Rectangular block for English Garden
    I did a mock up in EQ7 to show what I mean.  Strips are 2 " and you create a dark and a light side.  I caught myself adding the first light strip to the right instead of opposite the first dark a log cabin.  I went back to the book and checked  arrangement again.....this is correct.
    A setting strip will be added when the vertical piecing begins that will actually complete the log cabin look.   Not there I won't confuse the issue before hand.

    I went ahead and put in the cutting size measurements for reference in this photo that I used.     A block can "grow" and warp by strip piecing....
 ( butting one section to another against a long strip, sew,  and then cut) .   So I do cut the strips into the correct length before piecing to  be sure that the block is the correct will finish at 4 1/2" by 6".

   I am using floral fabrics....what else would you expect.  But I think this one would be a good design to play with in batiks or scraps---- as long as you pay attention to the value and get a dark and a light side.  And the proportions could be easily made larger or smaller according to the strip size you want to work with.
  Meanwhile, I have some blocks to piece and setting lengths to cut......and next time I will show the actual layout.  Happy stitching.

Thursday, January 8, 2015

Colorful cover for machine

  I had a few  string blocks tucked away.  They were odd sized.....4" by 6"....and I had no memory of why I made them.  It must have just been a little play time after seeing something similar somewhere.   So if I stole the idea from you.....let me know!
   So what to do with them?   Six in a row for a runner, two by two for a narrow banner?   I slept on it and came up with a 3 by 3 arrangement for a new throw cover for my sewing machine.

   My Janome has a wide end and a narrow end and the arm that stands above it for threading.....which makes a traditional slip cover awkward.  I settle for a throw type cover with string ties to keep the extra dust bunnies from nesting there.

    I turned the 6 string blocks into spool blocks by adding strips on either side.  Then by adding a black strip to the top and bottom, the blocks finish off at 6" by 9".   A few spacer strips in leftover black and white prints---remember Easy Street Mystery from 2 years ago---were put in the center.   They cover the wide top of the machine and allowing the spools to be seen completely from the front or back.

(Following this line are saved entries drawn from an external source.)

lemma diameter_cycle:
  assumes "0 < n"
  shows "diameter {0..<n} (cycle_edges n) = n div 2"
  unfolding diameter_def
proof (rule Max_eqI)
  show "finite {gdist (cycle_edges n) u v |u v. u \<in> {0..<n} \<and> v \<in> {0..<n}}"
    by (simp add: finite_image_set2)
  have "gdist (cycle_edges n) 0 (n div 2) = n div 2"
    using assms by (simp add: gdist_cycle cycle_dist_def)
  moreover have "0 \<in> {0..<n}" "n div 2 \<in> {0..<n}"
    using assms by simp_all
  ultimately show
    "n div 2 \<in> {gdist (cycle_edges n) u v |u v. u \<in> {0..<n} \<and> v \<in> {0..<n}}"
    by (metis (mono_tags, lifting) mem_Collect_eq)
qed (auto simp: gdist_cycle cycle_dist_def)

lemma vstring_cycle:
  assumes "0 < n" "v < n"
  shows "vstring {0..<n} (cycle_edges n) f v =
    map (\<lambda>i. \<Sum>w<n. if cycle_dist n v w = i then f w else 0) [1..<n div 2 + 1]"
  unfolding vstring_def diameter_cycle[OF assms(1)]
proof (rule map_cong[OF refl])
  fix i
  have "(\<Sum>w\<in>{w \<in> {0..<n}. gdist (cycle_edges n) v w = i}. f w) =
      (\<Sum>w\<in>{w \<in> {0..<n}. cycle_dist n v w = i}. f w)"
    using assms(2) by (intro sum.cong) (auto simp: gdist_cycle)
  also have "\<dots> = (\<Sum>w\<in>{0..<n}. if cycle_dist n v w = i then f w else 0)"
    by (rule sum.inter_filter) simp
  finally show "(\<Sum>w\<in>{w \<in> {0..<n}. gdist (cycle_edges n) v w = i}. f w) =
      (\<Sum>w<n. if cycle_dist n v w = i then f w else 0)"
    by (simp add: lessThan_atLeast0)
qed

lemma cycle_dist_rotate:
  assumes "v < n" "w < n"
  shows "cycle_dist n v ((w + v) mod n) = cycle_dist n 0 w"
  using assms by (cases "w + v < n") (auto simp: cycle_dist_def min_def le_mod_geq)

lemma sum_cycle_dist_rotate:
  assumes "v < n"
  shows "(\<Sum>w<n. h (cycle_dist n v w)) = (\<Sum>w<n. h (cycle_dist n 0 w))"
proof (rule sym, rule sum.reindex_bij_witness[where j = "\<lambda>w. (w + v) mod n"
      and i = "\<lambda>w. (w + (n - v)) mod n"])
  fix w assume "w \<in> {..<n}"
  with assms show "((w + v) mod n + (n - v)) mod n = w" "((w + (n - v)) mod n + v) mod n = w"
    by (subst mod_add_left_eq, simp)+
  from \<open>w \<in> {..<n}\<close> assms
  show "h (cycle_dist n v ((w + v) mod n)) = h (cycle_dist n 0 w)"
    by (simp add: cycle_dist_rotate)
qed (use assms in auto)

lemma vstring_cycle_const:
  assumes "\<And>w. w < n \<Longrightarrow> f w = c" "v < n"
  shows "vstring {0..<n} (cycle_edges n) f v = vstring {0..<n} (cycle_edges n) f 0"
proof -
  have "(\<Sum>w<n. if cycle_dist n v w = i then f w else 0) =
      (\<Sum>w<n. if cycle_dist n 0 w = i then f w else 0)" for i
  proof -
    have "(\<Sum>w<n. if cycle_dist n v w = i then f w else 0) =
        (\<Sum>w<n. (\<lambda>d. if d = i then c else 0) (cycle_dist n v w))"
      using assms(1) by (intro sum.cong) auto
    also have "\<dots> = (\<Sum>w<n. (\<lambda>d. if d = i then c else 0) (cycle_dist n 0 w))"
      by (rule sum_cycle_dist_rotate[OF assms(2)])
    also have "\<dots> = (\<Sum>w<n. if cycle_dist n 0 w = i then f w else 0)"
      using assms(1) by (intro sum.cong) auto
    finally show ?thesis .
  qed
  with assms(2) show ?thesis
    by (simp add: vstring_cycle)
qed
lemma integral_pair_Sfun_alpha_tilde:
  fixes M :: "(nat \<Rightarrow> 'x \<times> real) measure"
  assumes M: "prob_space M"
    and S: "(\<lambda>x. Sfun H V n (fst x) (alpha_tilde G H V n \<alpha> (fst x) (snd x)))
      \<in> borel_measurable (M \<Otimes>\<^sub>M uniform_measure lborel {0..1})"
  shows "(\<integral>x. Sfun H V n (fst x) (alpha_tilde G H V n \<alpha> (fst x) (snd x))
      \<partial>(M \<Otimes>\<^sub>M uniform_measure lborel {0..1})) = \<alpha>"
proof -
  let ?U = "uniform_measure lborel {0..1::real}"
  interpret pair_prob_space M ?U
    using M prob_space_uniform_measure[of lborel "{0..1::real}"]
    by (simp add: pair_prob_space_def pair_sigma_finite_def prob_space_imp_sigma_finite)
  have "integrable (M \<Otimes>\<^sub>M ?U) (\<lambda>x. Sfun H V n (fst x) (alpha_tilde G H V n \<alpha> (fst x) (snd x)))"
    using S by (intro integrable_const_bound[where B=1]) (simp_all add: abs_Sfun_le_one)
  then have "(\<integral>x. Sfun H V n (fst x) (alpha_tilde G H V n \<alpha> (fst x) (snd x)) \<partial>(M \<Otimes>\<^sub>M ?U))
      = (\<integral>z. (\<integral>u. Sfun H V n z (alpha_tilde G H V n \<alpha> z u) \<partial>?U) \<partial>M)"
    by (subst integral_fst'[symmetric]) simp_all
  also have "\<dots> = \<alpha>"
    by (simp add: integral_Sfun_alpha_tilde M1.prob_space)
  finally show ?thesis .
qed

lemma measurable_Sfun:
  assumes V: "V \<in> borel_measurable D"
    and Hmat: "\<And>i j. i \<in> {1..n+1} \<Longrightarrow> j \<in> {1..n+1} \<Longrightarrow>
      (\<lambda>z. Hmat H n z i j) \<in> borel_measurable (\<Pi>\<^sub>M i\<in>{1..n+1}. D)"
  shows "(\<lambda>x. Sfun H V n (fst x) (snd x)) \<in> borel_measurable ((\<Pi>\<^sub>M i\<in>{1..n+1}. D) \<Otimes>\<^sub>M borel)"
  unfolding Sfun_eq
proof (intro borel_measurable_divide borel_measurable_sum)
  fix i assume "i \<in> {1..n+1}"
  note [measurable] = measurable_lower_mass[OF V Hmat this]
  show "(\<lambda>x. if lower_mass H V n (fst x) i < snd x then 1 else 0 :: real)
      \<in> borel_measurable ((\<Pi>\<^sub>M i\<in>{1..n+1}. D) \<Otimes>\<^sub>M borel)"
    by measurable
qed simp

lemma measurable_alpha_tilde:
  assumes V: "V \<in> borel_measurable D"
    and Hmat: "\<And>i j. i \<in> {1..n+1} \<Longrightarrow> j \<in> {1..n+1} \<Longrightarrow>
      (\<lambda>z. Hmat H n z i j) \<in> borel_measurable (\<Pi>\<^sub>M i\<in>{1..n+1}. D)"
    and N: "sets N = sets borel"
  shows "(\<lambda>x. alpha_tilde G H V n \<alpha> (fst x) (snd x))
    \<in> borel_measurable ((\<Pi>\<^sub>M i\<in>{1..n+1}. D) \<Otimes>\<^sub>M N)"
proof -
  let ?M = "\<Pi>\<^sub>M i\<in>{1..n+1}. D"
  note S[measurable] = measurable_Sfun[OF V Hmat]
  have Sfun_at: "(\<lambda>z. Sfun H V n z (f z)) \<in> borel_measurable ?M" if "f \<in> borel_measurable ?M" for f
    using measurable_compose[OF measurable_Pair[OF measurable_ident that] S] by simp
  note [measurable] = Sfun_at[OF measurable_const]
  have [measurable]: "(\<lambda>z. alpha_t1 G H V n \<alpha> z) \<in> borel_measurable ?M"
    by (rule borel_measurable_finite_valued[OF finite_G alpha_t1_in_G])
      (use finite_G in \<open>unfold alpha_t1_eq_iff, measurable\<close>)
  have [measurable]: "(\<lambda>z. alpha_t2 G H V n \<alpha> z) \<in> borel_measurable ?M"
    by (rule borel_measurable_finite_valued[OF finite_G alpha_t2_in_G])
      (use finite_G in \<open>unfold alpha_t2_eq_iff, measurable\<close>)
  note [measurable] = Sfun_at[of "alpha_t1 G H V n \<alpha>"] Sfun_at[of "alpha_t2 G H V n \<alpha>"]
  have "(\<lambda>x. alpha_tilde G H V n \<alpha> (fst x) (snd x)) \<in> borel_measurable (?M \<Otimes>\<^sub>M borel)"
    unfolding alpha_tilde_def Let_def by measurable
  then show ?thesis
    by (simp add: measurable_cong_sets[OF sets_pair_measure_cong[OF refl N] refl])
qed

  I love the color, I love the theme, I love a finished project that is useful!  So what have you got tucked away that needs to be used?  It's time to clean out some things.    And take a chocolate reward on a completed goal!  Happy stitching.

Monday, January 5, 2015

From the Inside Out

  I began this watercolor in September of last year.  The design is a little more graphic than I usually work with, and it is just starting to take shape here.
   My inspiration was a few lines of a  song heard at church.  I immediately saw the darkest parts of the heart being touched by light and turned into something of beauty.  So I needed a very  dark area to begin and allow it turn into a beautiful border area to surround the center.

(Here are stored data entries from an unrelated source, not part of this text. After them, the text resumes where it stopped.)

(* Define the relation $\succeq^5$ on $\mathcal{A}$ by $\mathbf{A}\succeq^5\mathbf{B}\iff\nu(\mathbf{A})\le\nu(\mathbf{B})$, where for $\mathbf{A}=[a_{ij}]$ of size $n$, $\nu(\mathbf{A})=\min_{1\le i<j<k\le n}\max\{a_{ij}a_{jk}/a_{ik},\ a_{ik}/(a_{ij}a_{jk})\}$. Then $\succeq^5$ is an inconsistency ranking that satisfies PR, IIP, HTE, SI and RED, but does not satisfy MON.
   Context: A pairwise comparison matrix of size $n$ is a matrix $\mathbf{A}=[a_{ij}]\in\mathbb{R}^{n\times n}$ with all entries positive and $a_{ji}=1/a_{ij}$ for all $i,j$. Let $\mathcal{A}$ denote the set of all pairwise comparison matrices of all sizes $n\ge 3$. For $\mathbf{A}\in\mathcal{A}$ of size $n$ and $3\le m\le n$, a submatrix of $\mathbf{A}$ is a matrix $\mathbf{B}=[b_{ij}]$ of size $m$ with $b_{ij}=a_{\sigma(i)\sigma(j)}$ for some strictly increasing map $\sigma:\{1,\dots,m\}\to\{1,\dots,n\}$. A triad is a pairwise comparison matrix of size $3$; a triad of $\mathbf{A}$ is a submatrix of $\mathbf{A}$ of size $3$ (when $n=3$, $\mathbf{A}$ is its own unique triad). A triad $\mathbf{T}$ is written $\mathbf{T}=(t_1;t_2;t_3)$, meaning $t_{12}=t_1$, $t_{13}=t_2$, $t_{23}=t_3$ (the remaining entries are determined by reciprocity); $\mathbf{T}^\top$ denotes its transpose, i.e. the triad $(1/t_1;1/t_2;1/t_3)$. An inconsistency ranking is a complete and transitive binary relation $\succeq$ on $\mathcal{A}$; $\mathbf{A}\sim\mathbf{B}$ means $\mathbf{A}\succeq\mathbf{B}$ and $\mathbf{B}\succeq\mathbf{A}$; $\mathbf{A}\preceq\mathbf{B}$ means $\mathbf{B}\succeq\mathbf{A}$. Properties of an inconsistency ranking $\succeq$: (PR) for all $s_2,t_2\ge 1$: $(1;s_2;1)\succeq(1;t_2;1)\iff s_2\le t_2$. (IIP) $\mathbf{T}\sim\mathbf{T}^\top$ for every triad $\mathbf{T}$. (HTE) $(1;t_2;t_3)\sim(1;t_2/t_3;1)$ for all $t_2,t_3>0$. (SI) $(t_1;t_2;t_3)\sim(kt_1;k^2t_2;kt_3)$ for all $t_1,t_2,t_3>0$ and all $k>0$. (MON) $\mathbf{A}\preceq\mathbf{T}$ for every $\mathbf{A}\in\mathcal{A}$ and every triad $\mathbf{T}$ of $\mathbf{A}$. (RED) every $\mathbf{A}\in\mathcal{A}$ has a triad $\mathbf{T}$ with $\mathbf{A}\sim\mathbf{T}$. *)

theory Defs
  imports Complex_Main
begin

text \<open>A pairwise comparison matrix of size n is represented as a pair (n, a) with
  a :: nat => nat => real, indices 0..n-1 (0-based), and a canonical value 0 outside
  the index range, so that every matrix has a unique representation.\<close>

type_synonym pcm = "nat \<times> (nat \<Rightarrow> nat \<Rightarrow> real)"

definition PCM :: "pcm set" where
  "PCM = {(n, a). n \<ge> 3 \<and>
      (\<forall>i<n. \<forall>j<n. a i j > 0 \<and> a j i = 1 / a i j) \<and>
      (\<forall>i j. (n \<le> i \<or> n \<le> j) \<longrightarrow> a i j = 0)}"

definition submatrix :: "pcm \<Rightarrow> nat \<Rightarrow> (nat \<Rightarrow> nat) \<Rightarrow> pcm" where
  "submatrix A m \<sigma> = (m, \<lambda>i j. if i < m \<and> j < m then snd A (\<sigma> i) (\<sigma> j) else 0)"

definition is_submatrix :: "pcm \<Rightarrow> pcm \<Rightarrow> bool" where
  "is_submatrix B A \<longleftrightarrow> (\<exists>m \<sigma>. 3 \<le> m \<and> m \<le> fst A \<and>
      (\<forall>i j. i < j \<and> j < m \<longrightarrow> \<sigma> i < \<sigma> j) \<and> (\<forall>i<m. \<sigma> i < fst A) \<and>
      B = submatrix A m \<sigma>)"

text \<open>The triad (t1; t2; t3): t_12 = t1, t_13 = t2, t_23 = t3 (0-based indices).\<close>
definition triad :: "real \<Rightarrow> real \<Rightarrow> real \<Rightarrow> pcm" where
  "triad t1 t2 t3 = (3, \<lambda>i j.
     if i = 0 \<and> j = 1 then t1 else if i = 1 \<and> j = 0 then 1 / t1
     else if i = 0 \<and> j = 2 then t2 else if i = 2 \<and> j = 0 then 1 / t2
     else if i = 1 \<and> j = 2 then t3 else if i = 2 \<and> j = 1 then 1 / t3
     else if i = j \<and> i < 3 then 1 else 0)"

definition is_triad_of :: "pcm \<Rightarrow> pcm \<Rightarrow> bool" where
  "is_triad_of T A \<longleftrightarrow> is_submatrix T A \<and> fst T = 3"

definition transp_pcm :: "pcm \<Rightarrow> pcm" where
  "transp_pcm A = (fst A, \<lambda>i j. snd A j i)"

text \<open>An inconsistency ranking: complete and transitive relation on PCM.
  (A, B) \<in> R means A \<succeq> B.\<close>
definition inconsistency_ranking :: "pcm rel \<Rightarrow> bool" where
  "inconsistency_ranking R \<longleftrightarrow> R \<subseteq> PCM \<times> PCM \<and>
     (\<forall>A\<in>PCM. \<forall>B\<in>PCM. (A, B) \<in> R \<or> (B, A) \<in> R) \<and>
     (\<forall>A B C. (A, B) \<in> R \<longrightarrow> (B, C) \<in> R \<longrightarrow> (A, C) \<in> R)"

definition sim :: "pcm rel \<Rightarrow> pcm \<Rightarrow> pcm \<Rightarrow> bool" where
  "sim R A B \<longleftrightarrow> (A, B) \<in> R \<and> (B, A) \<in> R"

definition PR :: "pcm rel \<Rightarrow> bool" where
  "PR R \<longleftrightarrow> (\<forall>s2 t2. s2 \<ge> 1 \<longrightarrow> t2 \<ge> 1 \<longrightarrow>
      ((triad 1 s2 1, triad 1 t2 1) \<in> R \<longleftrightarrow> s2 \<le> t2))"

definition IIP :: "pcm rel \<Rightarrow> bool" where
  "IIP R \<longleftrightarrow> (\<forall>t1 t2 t3. t1 > 0 \<longrightarrow> t2 > 0 \<longrightarrow> t3 > 0 \<longrightarrow>
      sim R (triad t1 t2 t3) (transp_pcm (triad t1 t2 t3)))"

definition HTE :: "pcm rel \<Rightarrow> bool" where
  "HTE R \<longleftrightarrow> (\<forall>t2 t3. t2 > 0 \<longrightarrow> t3 > 0 \<longrightarrow>
      sim R (triad 1 t2 t3) (triad 1 (t2 / t3) 1))"

definition SI :: "pcm rel \<Rightarrow> bool" where
  "SI R \<longleftrightarrow> (\<forall>t1 t2 t3 k. t1 > 0 \<longrightarrow> t2 > 0 \<longrightarrow> t3 > 0 \<longrightarrow> k > 0 \<longrightarrow>
      sim R (triad t1 t2 t3) (triad (k * t1) (k\<^sup>2 * t2) (k * t3)))"

definition MON :: "pcm rel \<Rightarrow> bool" where
  "MON R \<longleftrightarrow> (\<forall>A\<in>PCM. \<forall>T. is_triad_of T A \<longrightarrow> (T, A) \<in> R)"

definition RED :: "pcm rel \<Rightarrow> bool" where
  "RED R \<longleftrightarrow> (\<forall>A\<in>PCM. \<exists>T. is_triad_of T A \<and> sim R A T)"

definition nu :: "pcm \<Rightarrow> real" where
  "nu A = Min ((\<lambda>(i, j, k). max (snd A i j * snd A j k / snd A i k)
                                   (snd A i k / (snd A i j * snd A j k)))
               ` {(i, j, k). i < j \<and> j < k \<and> k < fst A})"

definition R5 :: "pcm rel" where
  "R5 = {(A, B). A \<in> PCM \<and> B \<in> PCM \<and> nu A \<le> nu B}"

end

theory Submission
  imports Defs
begin

text \<open>Every triad (t1; t2; t3) has inconsistency max(t1 t3 / t2, t2 / (t1 t3)), an expression
  invariant under transposition, under (t1, t2, t3) \<mapsto> (k t1, k^2 t2, k t3) and under
  t3 \<mapsto> 1, t2 \<mapsto> t2 / t3, and increasing in t2 \<ge> 1 for t1 = t3 = 1. Since nu is a minimum over
  the finitely many triads of a matrix, it is attained at one of them, which gives RED. MON fails
  because a single consistent triad forces nu = 1 however inconsistent the other triads are.\<close>

definition triple_inconsistency :: "(nat \<Rightarrow> nat \<Rightarrow> real) \<Rightarrow> nat \<Rightarrow> nat \<Rightarrow> nat \<Rightarrow> real" where
  "triple_inconsistency a i j k = max (a i j * a j k / a i k) (a i k / (a i j * a j k))"

definition increasing_triples :: "nat \<Rightarrow> (nat \<times> nat \<times> nat) set" where
  "increasing_triples n = {(i, j, k). i < j \<and> j < k \<and> k < n}"

lemma nu_eq_Min:
  "nu A = Min ((\<lambda>(i, j, k). triple_inconsistency (snd A) i j k) ` increasing_triples (fst A))"
  by (simp add: nu_def triple_inconsistency_def increasing_triples_def)

lemma finite_increasing_triples: "finite (increasing_triples n)"
  by (rule finite_subset[of _ "{..<n} \<times> {..<n} \<times> {..<n}"]) (auto simp: increasing_triples_def)

lemma increasing_triples_3: "increasing_triples 3 = {(0, 1, 2)}"
  by (auto simp: increasing_triples_def less_Suc_eq numeral_3_eq_3)

lemma nu_le_triple_inconsistency:
  "(i, j, k) \<in> increasing_triples (fst A) \<Longrightarrow> nu A \<le> triple_inconsistency (snd A) i j k"
  unfolding nu_eq_Min
  by (rule Min_le) (auto intro: finite_increasing_triples image_eqI[where x = "(i, j, k)"])

lemma nu_attained:
  assumes "3 \<le> fst A"
  obtains i j k where "(i, j, k) \<in> increasing_triples (fst A)"
    and "nu A = triple_inconsistency (snd A) i j k"
proof -
  have "(0, 1, 2) \<in> increasing_triples (fst A)"
    using assms by (simp add: increasing_triples_def)
  then have "nu A \<in> (\<lambda>(i, j, k). triple_inconsistency (snd A) i j k) ` increasing_triples (fst A)"
    unfolding nu_eq_Min by (intro Min_in finite_imageI finite_increasing_triples) auto
  then show thesis
    using that by (auto simp del: triple_inconsistency_def)
qed

lemma nu_size_3: "fst A = 3 \<Longrightarrow> nu A = triple_inconsistency (snd A) 0 1 2"
  by (simp add: nu_eq_Min increasing_triples_3)

lemma nu_triad: "nu (triad t1 t2 t3) = max (t1 * t3 / t2) (t2 / (t1 * t3))"
  by (simp add: nu_size_3 triple_inconsistency_def triad_def)

lemma nu_transp_pcm_triad: "nu (transp_pcm (triad t1 t2 t3)) = nu (triad t1 t2 t3)"
  by (simp add: nu_size_3 nu_triad triple_inconsistency_def triad_def transp_pcm_def
      field_simps max.commute)

lemma triad_in_PCM: "t1 > 0 \<Longrightarrow> t2 > 0 \<Longrightarrow> t3 > 0 \<Longrightarrow> triad t1 t2 t3 \<in> PCM"
  unfolding PCM_def triad_def by (auto simp: less_Suc_eq numeral_3_eq_3)

lemma transp_pcm_in_PCM:
  assumes "A \<in> PCM"
  shows "transp_pcm A \<in> PCM"
proof -
  obtain n a where A: "A = (n, a)" by fastforce
  show ?thesis
    using assms unfolding A PCM_def transp_pcm_def mem_Collect_eq case_prod_conv fst_conv snd_conv
    by blast
qed

lemma is_submatrix_in_PCM:
  assumes "is_submatrix B A" "A \<in> PCM"
  shows "B \<in> PCM"
proof -
  obtain m \<sigma> where m: "3 \<le> m" and \<sigma>: "\<forall>i<m. \<sigma> i < fst A" and B: "B = submatrix A m \<sigma>"
    using assms(1) unfolding is_submatrix_def by blast
  obtain n a where A: "A = (n, a)" by fastforce
  have entries: "a (\<sigma> i) (\<sigma> j) > 0 \<and> a (\<sigma> j) (\<sigma> i) = 1 / a (\<sigma> i) (\<sigma> j)"
    if "i < m" "j < m" for i j
    using assms(2) \<sigma> that unfolding A PCM_def mem_Collect_eq case_prod_conv fst_conv by blast
  show ?thesis
    unfolding B A PCM_def submatrix_def mem_Collect_eq case_prod_conv fst_conv snd_conv
  proof (intro conjI allI impI)
    show "3 \<le> m" by (rule m)
  next
    fix i j assume "i < m" "j < m"
    then show "(if i < m \<and> j < m then a (\<sigma> i) (\<sigma> j) else 0) > 0"
      and "(if j < m \<and> i < m then a (\<sigma> j) (\<sigma> i) else 0)
             = 1 / (if i < m \<and> j < m then a (\<sigma> i) (\<sigma> j) else 0)"
      using entries[of i j] by simp_all
  qed auto
qed

lemma is_triad_of_submatrix_triple:
  assumes "(i, j, k) \<in> increasing_triples (fst A)"
  shows "is_triad_of (submatrix A 3 ((!) [i, j, k])) A"
proof -
  have mono: "\<forall>x y. x < y \<and> y < 3 \<longrightarrow> [i, j, k] ! x < [i, j, k] ! y"
    using assms by (auto simp: increasing_triples_def less_Suc_eq numeral_3_eq_3)
  have bound: "\<forall>x<3. [i, j, k] ! x < fst A"
    using assms by (auto simp: increasing_triples_def less_Suc_eq numeral_3_eq_3)
  have "3 \<le> fst A"
    using assms by (simp add: increasing_triples_def)
  then show ?thesis
    unfolding is_triad_of_def is_submatrix_def
    using mono bound by (intro conjI exI[of _ 3] exI[of _ "(!) [i, j, k]"]) (simp_all add: submatrix_def)
qed

lemma nu_submatrix_triple:
  "nu (submatrix A 3 ((!) [i, j, k])) = triple_inconsistency (snd A) i j k"
  by (simp add: nu_size_3 triple_inconsistency_def submatrix_def)

lemma sim_R5I: "A \<in> PCM \<Longrightarrow> B \<in> PCM \<Longrightarrow> nu A = nu B \<Longrightarrow> sim R5 A B"
  by (simp add: sim_def R5_def)

lemma inconsistency_ranking_R5: "inconsistency_ranking R5"
  unfolding inconsistency_ranking_def R5_def by auto

lemma nu_triad_1_t_1:
  assumes "t \<ge> 1"
  shows "nu (triad 1 t 1) = t"
proof -
  have "1 / t \<le> t"
    using assms order_trans[of "1 / t" 1 t] by simp
  then show ?thesis
    by (simp add: nu_triad max_absorb2)
qed

lemma PR_R5: "PR R5"
  unfolding PR_def R5_def by (auto simp: triad_in_PCM nu_triad_1_t_1)

lemma IIP_R5: "IIP R5"
  unfolding IIP_def
  by (auto intro!: sim_R5I triad_in_PCM transp_pcm_in_PCM simp: nu_transp_pcm_triad)

lemma HTE_R5: "HTE R5"
  unfolding HTE_def by (auto intro!: sim_R5I triad_in_PCM simp: nu_triad max_def field_simps)

lemma SI_R5: "SI R5"
  unfolding SI_def
  by (auto intro!: sim_R5I triad_in_PCM simp: nu_triad power2_eq_square field_simps)

lemma RED_R5: "RED R5"
  unfolding RED_def
proof
  fix A assume A: "A \<in> PCM"
  then have "3 \<le> fst A" by (auto simp: PCM_def)
  then obtain i j k where ijk: "(i, j, k) \<in> increasing_triples (fst A)"
    and nu_A: "nu A = triple_inconsistency (snd A) i j k"
    by (rule nu_attained)
  let ?T = "submatrix A 3 ((!) [i, j, k])"
  have triad: "is_triad_of ?T A"
    using ijk by (rule is_triad_of_submatrix_triple)
  then have "?T \<in> PCM"
    using A is_submatrix_in_PCM unfolding is_triad_of_def by blast
  then have "sim R5 A ?T"
    using A nu_A by (intro sim_R5I) (simp_all add: nu_submatrix_triple)
  then show "\<exists>T. is_triad_of T A \<and> sim R5 A T"
    using triad by blast
qed

text \<open>The triad on rows 0, 1, 2 is consistent, the one on rows 0, 1, 3 is not.\<close>
definition mon_counterexample :: pcm where
  "mon_counterexample = (4, \<lambda>i j. if i < 4 \<and> j < 4
     then (if i = 0 \<and> j = 3 then 2 else if i = 3 \<and> j = 0 then 1/2 else 1) else 0)"

lemma not_MON_R5: "\<not> MON R5"
proof
  assume "MON R5"
  moreover have "mon_counterexample \<in> PCM"
    unfolding PCM_def mon_counterexample_def by auto
  moreover have "(0, 1, 3) \<in> increasing_triples (fst mon_counterexample)"
    by (simp add: increasing_triples_def mon_counterexample_def)
  ultimately have "nu (submatrix mon_counterexample 3 ((!) [0, 1, 3]))
      \<le> nu mon_counterexample"
    unfolding MON_def R5_def using is_triad_of_submatrix_triple by blast
  moreover have "nu (submatrix mon_counterexample 3 ((!) [0, 1, 3])) = 2"
    by (simp add: nu_submatrix_triple triple_inconsistency_def mon_counterexample_def)
  moreover have "nu mon_counterexample \<le> 1"
    using nu_le_triple_inconsistency[of 0 1 2 mon_counterexample]
    by (simp add: increasing_triples_def triple_inconsistency_def mon_counterexample_def)
  ultimately show False by linarith
qed

theorem mainTheorem6:
  shows "inconsistency_ranking R5 \<and> PR R5 \<and> IIP R5 \<and> HTE R5 \<and> SI R5 \<and> RED R5
         \<and> \<not> MON R5"
  using inconsistency_ranking_R5 PR_R5 IIP_R5 HTE_R5 SI_R5 RED_R5 not_MON_R5 by (intro conjI)

end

 I worked from the center outward, which is seldom how I work.  Usually, I begin with the light area and that is rarely placed in the exact center.  Then I will establish a dark edge and merge the two values.  Creating the opposing corners on this one was different and a little more of a challenge for me.  That is why this one has been hanging around on the design wall for a while.  Yet a new year looming was a good reason to commit to it and get it done.

   It is quilted in the center with larger swirls and then large meandering in the border.   Those seam intersections are quite thick, so I really try to avoid them if possible.

  From the Inside Out
34 inches by 34 inches

First finish for 2015, first floral, too!  Let the new projects start.  Happy stitching.